Understanding your situation
What you need to prepare
- ✓Invoices, bills, or statements showing the unauthorized charges
- ✓Contract, terms of service, or agreement documents
- ✓Evidence of the agreed price or fee structure
- ✓Bank or credit card statements showing the charges
- ✓Correspondence with the company about the charges
- ✓Cancellation confirmation or notice (if charges continued after cancellation)
- ✓Screenshots of advertised prices or terms at the time of purchase
- ✓Direct debit mandate or payment authorization records
- ✓Records of attempts to resolve the dispute with the company
- ✓Consumer rights legislation applicable to your situation
⏰ Deadline
UK: Formal complaint to the company first, then to the relevant ombudsman (Financial Ombudsman for banks, Ofcom for telecoms, Ofgem for energy) within 6 months of final response. Direct Debit Guarantee: Claim refund from bank immediately. EU: 14-day cooling-off period for online purchases. Chargebacks: Typically within 120 days of the charge. Germany: Widerruf within 14 days for distance contracts. Act promptly.
🏛️ Authority
Company complaints department, Financial Ombudsman Service (UK), sector regulators (Ofcom, Ofgem, Ofwat), Trading Standards (UK), Verbraucherzentrale (DE), DGCCRF (FR), UOKiK/Rzecznik Konsumentow (PL)
⚖️ Legal basis
UK: Consumer Rights Act 2015, Consumer Contracts Regulations 2013. EU: Consumer Rights Directive 2011/83/EU, Unfair Contract Terms Directive. Germany: BGB (Paragraphen 305-310), Fernabsatzrecht. France: Code de la consommation. Poland: ustawa o prawach konsumenta. US: Fair Credit Billing Act, state consumer protection laws.
Expert tips
- 1Complain to the company in writing first, clearly stating which charges are disputed, why they are unauthorized, and what resolution you expect (full refund with interest).
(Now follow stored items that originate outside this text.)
text \<open>With \<open>R = B\<^sup>1\<^sup>/\<^sup>2\<close> and \<open>S = (RAR)\<^sup>1\<^sup>/\<^sup>2\<close> the matrix \<open>E = S R\<^sup>-\<^sup>1 X - R Y\<close> satisfies
  \<open>0 \<le> tr (E\<^sup>T E) = tr (XAX) + tr (YBY) - 2 tr S\<close>.\<close>

lemma fidelity_le_trace_congruence:
  fixes A B X Y :: "real^'n^'n"
  assumes A: "psd A" and B: "psd B" "invertible B"
    and sX: "transpose X = X" and sY: "transpose Y = Y" and XY: "X ** Y = mat 1" and YX: "Y ** X = mat 1"
  shows "2 * fidelity A B \<le> trace (X ** A ** X) + trace (Y ** B ** Y)"
proof -
  define R where "R = msqrt B"
  have sR: "transpose R = R" and RR: "R ** R = B"
    using msqrt[OF B(1)] by (auto simp: R_def psd_transpose)
  obtain Ri where sRi: "transpose Ri = Ri" and RRi: "R ** Ri = mat 1" and RiR: "Ri ** R = mat 1"
    using msqrt_inverse[OF B] unfolding R_def by blast
  define S where "S = msqrt (R ** A ** R)"
  have pRAR: "psd (R ** A ** R)" using psd_congruence[OF A sR] .
  have sS: "transpose S = S" and SS: "S ** S = R ** A ** R"
    using msqrt[OF pRAR] by (auto simp: S_def psd_transpose)
  define E where "E = S ** Ri ** X - R ** Y"
  have "transpose E ** E = ((X ** Ri ** S) ** (S ** Ri ** X) - (X ** Ri ** S) ** (R ** Y))
       - ((Y ** R) ** (S ** Ri ** X) - (Y ** R) ** (R ** Y))"
    unfolding E_def
    by (simp add: transpose_diff matrix_transpose_mul sX sY sR sRi sS matrix_mul_assoc
        matrix_diff_ldistrib matrix_diff_rdistrib)
  moreover have "(X ** Ri ** S) ** (S ** Ri ** X) = X ** Ri ** (S ** S) ** Ri ** X"
    by (simp add: matrix_mul_assoc)
  moreover have "X ** Ri ** (S ** S) ** Ri ** X = X ** (Ri ** R) ** A ** (R ** Ri) ** X"
    by (simp add: SS matrix_mul_assoc)
  moreover have "trace ((X ** Ri ** S) ** (R ** Y)) = trace (Ri ** S ** R)"
    using trace_similar[OF YX, of "Ri ** S ** R"] by (simp add: matrix_mul_assoc)
  moreover have "trace ((Y ** R) ** (S ** Ri ** X)) = trace (R ** S ** Ri)"
    using trace_similar[OF XY, of "R ** S ** Ri"] by (simp add: matrix_mul_assoc)
  moreover have "(Y ** R) ** (R ** Y) = Y ** B ** Y"
    by (metis RR matrix_mul_assoc)
  ultimately have "trace (transpose E ** E) = trace (X ** A ** X) + trace (Y ** B ** Y) - 2 * trace S"
    by (simp add: trace_sub RRi RiR trace_similar)
  moreover have "fidelity A B = trace S" by (simp add: fidelity_def S_def R_def)
  ultimately show ?thesis using trace_transpose_mult_self_nonneg[of E] by simp
qed

text \<open>Equality in the previous bound is attained at \<open>X = (R S\<^sup>-\<^sup>1 R)\<^sup>1\<^sup>/\<^sup>2\<close>, where
  \<open>X\<^sup>-\<^sup>2 = R\<^sup>-\<^sup>1 S R\<^sup>-\<^sup>1\<close>.\<close>

lemma fidelity_trace_congruence_attained:
  fixes A B :: "real^'n^'n"
  assumes A: "psd A" "invertible A" and B: "psd B" "invertible B"
  obtains X Y where "transpose X = X" "transpose Y = Y" "X ** Y = mat 1" "Y ** X = mat 1"
    "trace (X ** A ** X) + trace (Y ** B ** Y) = 2 * fidelity A B"
proof -
  define R where "R = msqrt B"
  have sR: "transpose R = R" and RR: "R ** R = B"
    using msqrt[OF B(1)] by (auto simp: R_def psd_transpose)
  obtain Ri where RRi: "R ** Ri = mat 1" and RiR: "Ri ** R = mat 1"
    using msqrt_inverse[OF B] unfolding R_def by blast
  define S where "S = msqrt (R ** A ** R)"
  have pRAR: "psd (R ** A ** R)" using psd_congruence[OF A(1) sR] .
  have "invertible (R ** A ** R)"
    using invertible_msqrt[OF B] A(2) by (simp add: R_def invertible_mult)
  hence "invertible S" unfolding S_def by (rule invertible_msqrt[OF pRAR])
  then obtain Si where SSi: "S ** Si = mat 1" and SiS: "Si ** S = mat 1"
    unfolding invertible_def by blast
  have pS: "psd S" and SS: "S ** S = R ** A ** R" using msqrt[OF pRAR] by (auto simp: S_def)
  define Z where "Z = R ** Si ** R"
  have pZ: "psd Z" unfolding Z_def by (rule psd_congruence[OF psd_inverse[OF pS SSi SiS] sR])
  have "invertible Si" using SSi SiS unfolding invertible_def by blast
  hence "invertible Z" using invertible_msqrt[OF B] unfolding Z_def R_def by (simp add: invertible_mult)
  define X where "X = msqrt Z"
  have sX: "transpose X = X" and XX: "X ** X = Z" using msqrt[OF pZ] by (auto simp: X_def psd_transpose)
  have "invertible X" unfolding X_def by (rule invertible_msqrt[OF pZ \<open>invertible Z\<close>])
  then obtain Y where XY: "X ** Y = mat 1" and YX: "Y ** X = mat 1" unfolding invertible_def by blast
  have YY: "Y ** Y = Ri ** S ** Ri"
  proof -
    have "Z ** (Ri ** S ** Ri) = R ** (Si ** S) ** Ri"
      by (simp add: Z_def matrix_mul_assoc RRi flip: matrix_mul_assoc[of _ R Ri])
    hence Z_inverse: "Z ** (Ri ** S ** Ri) = mat 1" by (simp add: SiS RRi)
    have "Y ** Y ** Z = Y ** (Y ** X) ** X" by (simp add: XX[symmetric] matrix_mul_assoc)
    hence "Y ** Y ** Z = mat 1" by (simp add: YX)
    hence "Y ** Y = (Y ** Y ** Z) ** (Ri ** S ** Ri)"
      by (metis Z_inverse matrix_mul_assoc matrix_mul_rid)
    thus ?thesis using \<open>Y ** Y ** Z = mat 1\<close> by simp
  qed
  have "trace (X ** A ** X) = trace (Si ** (R ** A ** R))"
    by (metis XX Z_def matrix_mul_assoc trace_mul_sym)
  also have "\<dots> = trace S" by (simp only: flip: SS) (simp add: SiS matrix_mul_assoc)
  finally have tX: "trace (X ** A ** X) = trace S" .
  have "trace (Y ** B ** Y) = trace (R ** R ** (Ri ** S ** Ri))"
    by (metis RR YY matrix_mul_assoc trace_mul_sym)
  also have "R ** R ** (Ri ** S ** Ri) = R ** (R ** Ri) ** S ** Ri" by (simp add: matrix_mul_assoc)
  also have "trace \<dots> = trace S" using trace_similar[OF RiR, of S] by (simp add: RRi)
  finally have tY: "trace (Y ** B ** Y) = trace S" .
  show ?thesis
    by (rule that[OF sX transpose_inverse_eq[OF sX XY YX] XY YX])
      (simp add: tX tY fidelity_def S_def R_def)
qed

lemma fidelity_concave_invertible:
  fixes A1 A2 B1 B2 :: "real^'n^'n"
  assumes A: "psd A1" "psd A2" and B: "psd B1" "psd B2" "invertible B1" "invertible B2"
    and uv: "u \<ge> 0" "v \<ge> 0"
    and inv: "invertible (u *\<^sub>R A1 + v *\<^sub>R A2)" "invertible (u *\<^sub>R B1 + v *\<^sub>R B2)"
  shows "u * fidelity A1 B1 + v * fidelity A2 B2 \<le> fidelity (u *\<^sub>R A1 + v *\<^sub>R A2) (u *\<^sub>R B1 + v *\<^sub>R B2)"
proof -
  have psd_combination: "psd (u *\<^sub>R A1 + v *\<^sub>R A2)" "psd (u *\<^sub>R B1 + v *\<^sub>R B2)"
    using A B uv by (auto intro!: psd_add psd_scaleR)
  obtain X Y where XY: "transpose X = X" "transpose Y = Y" "X ** Y = mat 1" "Y ** X = mat 1"
    and eq: "trace (X ** (u *\<^sub>R A1 + v *\<^sub>R A2) ** X) + trace (Y ** (u *\<^sub>R B1 + v *\<^sub>R B2) ** Y)
       = 2 * fidelity (u *\<^sub>R A1 + v *\<^sub>R A2) (u *\<^sub>R B1 + v *\<^sub>R B2)"
    using fidelity_trace_congruence_attained[OF psd_combination(1) inv(1) psd_combination(2) inv(2)]
    by blast
  have "2 * fidelity A1 B1 \<le> trace (X ** A1 ** X) + trace (Y ** B1 ** Y)"
    using fidelity_le_trace_congruence[OF A(1) B(1,3) XY] .
  moreover have "2 * fidelity A2 B2 \<le> trace (X ** A2 ** X) + trace (Y ** B2 ** Y)"
    using fidelity_le_trace_congruence[OF A(2) B(2,4) XY] .
  ultimately have "u * (2 * fidelity A1 B1) + v * (2 * fidelity A2 B2) \<le>
     u * (trace (X ** A1 ** X) + trace (Y ** B1 ** Y)) + v * (trace (X ** A2 ** X) + trace (Y ** B2 ** Y))"
    using uv by (intro add_mono mult_left_mono) auto
  also have "\<dots> = 2 * fidelity (u *\<^sub>R A1 + v *\<^sub>R A2) (u *\<^sub>R B1 + v *\<^sub>R B2)"
    using eq unfolding trace_combination_congruence by (simp add: algebra_simps)
  finally show ?thesis by simp
qed

lemma continuous_on_fidelity [continuous_intros]:
  assumes "continuous_on S f" "continuous_on S g" "f ` S \<subseteq> psd_set" "g ` S \<subseteq> psd_set"
  shows "continuous_on S (\<lambda>z. fidelity (f z :: real^'n^'n) (g z))"
proof -
  have psd: "psd (f z)" "psd (g z)" if "z \<in> S" for z
    using assms(3,4) that by (auto simp: psd_set_def)
  have "continuous_on S (\<lambda>z. msqrt (g z))"
    by (rule continuous_on_compose2[OF continuous_on_msqrt assms(2,4)])
  hence "continuous_on S (\<lambda>z. msqrt (g z) ** f z ** msqrt (g z))"
    using assms(1) by (intro continuous_intros)
  moreover have "(\<lambda>z. msqrt (g z) ** f z ** msqrt (g z)) ` S \<subseteq> psd_set"
    using psd by (auto simp: psd_set_def intro!: psd_congruence psd_transpose psd_msqrt)
  ultimately have "continuous_on S (\<lambda>z. msqrt (msqrt (g z) ** f z ** msqrt (g z)))"
    by (rule continuous_on_compose2[OF continuous_on_msqrt])
  thus ?thesis unfolding fidelity_def by (intro continuous_intros)
qed

lemma tendsto_fidelity_add_scaleR_mat_1:
  fixes A B :: "real^'n^'n"
  assumes "psd A" "psd B"
  shows "((\<lambda>e. fidelity (A + e *\<^sub>R mat 1) (B + e *\<^sub>R mat 1)) \<longlongrightarrow> fidelity A B) (at_right 0)"
proof -
  have "continuous_on {0..} (\<lambda>e::real. fidelity (A + e *\<^sub>R mat 1) (B + e *\<^sub>R mat 1))"
    using assms by (intro continuous_intros) (auto simp: psd_set_def intro!: psd_add_scaleR_mat_1)
  hence "((\<lambda>e. fidelity (A + e *\<^sub>R mat 1) (B + e *\<^sub>R mat 1))
      \<longlongrightarrow> fidelity (A + 0 *\<^sub>R mat 1) (B + 0 *\<^sub>R mat 1)) (at 0 within {0..})"
    unfolding continuous_on_def by (rule bspec) simp
  hence "((\<lambda>e. fidelity (A + e *\<^sub>R mat 1) (B + e *\<^sub>R mat 1)) \<longlongrightarrow> fidelity A B) (at 0 within {0..})"
    by simp
  thus ?thesis by (rule tendsto_within_subset) auto
qed

text \<open>For singular matrices the bounds are obtained in the limit \<open>A + \<epsilon>I\<close>, \<open>B + \<epsilon>I\<close>.\<close>

lemma fidelity_le_trace:
  fixes A B :: "real^'n^'n"
  assumes "psd A" "psd B"
  shows "2 * fidelity A B \<le> trace A + trace B"
proof -
  have lim_fidelity:
    "((\<lambda>e. 2 * fidelity (A + e *\<^sub>R mat 1) (B + e *\<^sub>R mat 1)) \<longlongrightarrow> 2 * fidelity A B) (at_right 0)"
    by (intro tendsto_mult tendsto_const tendsto_fidelity_add_scaleR_mat_1 assms)
  have lim_trace: "((\<lambda>e. trace (A + e *\<^sub>R mat 1) + trace (B + e *\<^sub>R mat 1)) \<longlongrightarrow> trace A + trace B) (at_right 0)"
    unfolding trace_add trace_scaleR by (auto intro!: tendsto_eq_intros)
  have "\<forall>\<^sub>F e in at_right 0.
      2 * fidelity (A + e *\<^sub>R mat 1) (B + e *\<^sub>R mat 1) \<le> trace (A + e *\<^sub>R mat 1) + trace (B + e *\<^sub>R mat 1)"
    using eventually_at_right_less[of "0::real"]
  proof eventually_elim
    case (elim e)
    show ?case
      using fidelity_le_trace_congruence[of "A + e *\<^sub>R mat 1" "B + e *\<^sub>R mat 1" "mat 1" "mat 1"]
        elim assms
      by (simp add: psd_add_scaleR_mat_1 invertible_psd_add_scaleR_mat_1)
  qed
  with lim_trace lim_fidelity show ?thesis by (rule tendsto_le[OF trivial_limit_at_right_real])
qed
- 2Set a clear deadline for response (typically 14 days) and state that you will escalate to the relevant ombudsman or regulator if not resolved.
- 3For unauthorized direct debits, contact your bank immediately to invoke the Direct Debit Guarantee (UK) or SEPA complaint procedure (EU). Banks must refund unauthorized debits.
- 4For credit card charges, request a chargeback through your card issuer. Under Section 75 of the Consumer Credit Act (UK) or similar protections, your card company is jointly liable for transactions over a threshold.
- 5Review the contract or terms of service carefully. If the disputed charges are buried in small print or were not clearly disclosed before purchase, they may be unfair contract terms that are unenforceable.
- 6For auto-renewal charges, check whether the company gave you adequate advance notice. Many jurisdictions require explicit notice before each renewal, and failure to provide it makes the charge unauthorized.
- 7Document all attempts to resolve the dispute. A clear paper trail of your complaints and the company's inadequate responses strengthens your case with the ombudsman.
- 8Contact your local consumer protection agency (Trading Standards in UK, Verbraucherzentrale in DE, Rzecznik Konsumentow in PL) for free advice and assistance.
- 9If the company refuses to refund, consider filing a small claims court claim for amounts within the small claims limit.
- 10For recurring charges, ensure you cancel the payment authority with your bank as well as with the company to prevent further unauthorized debits.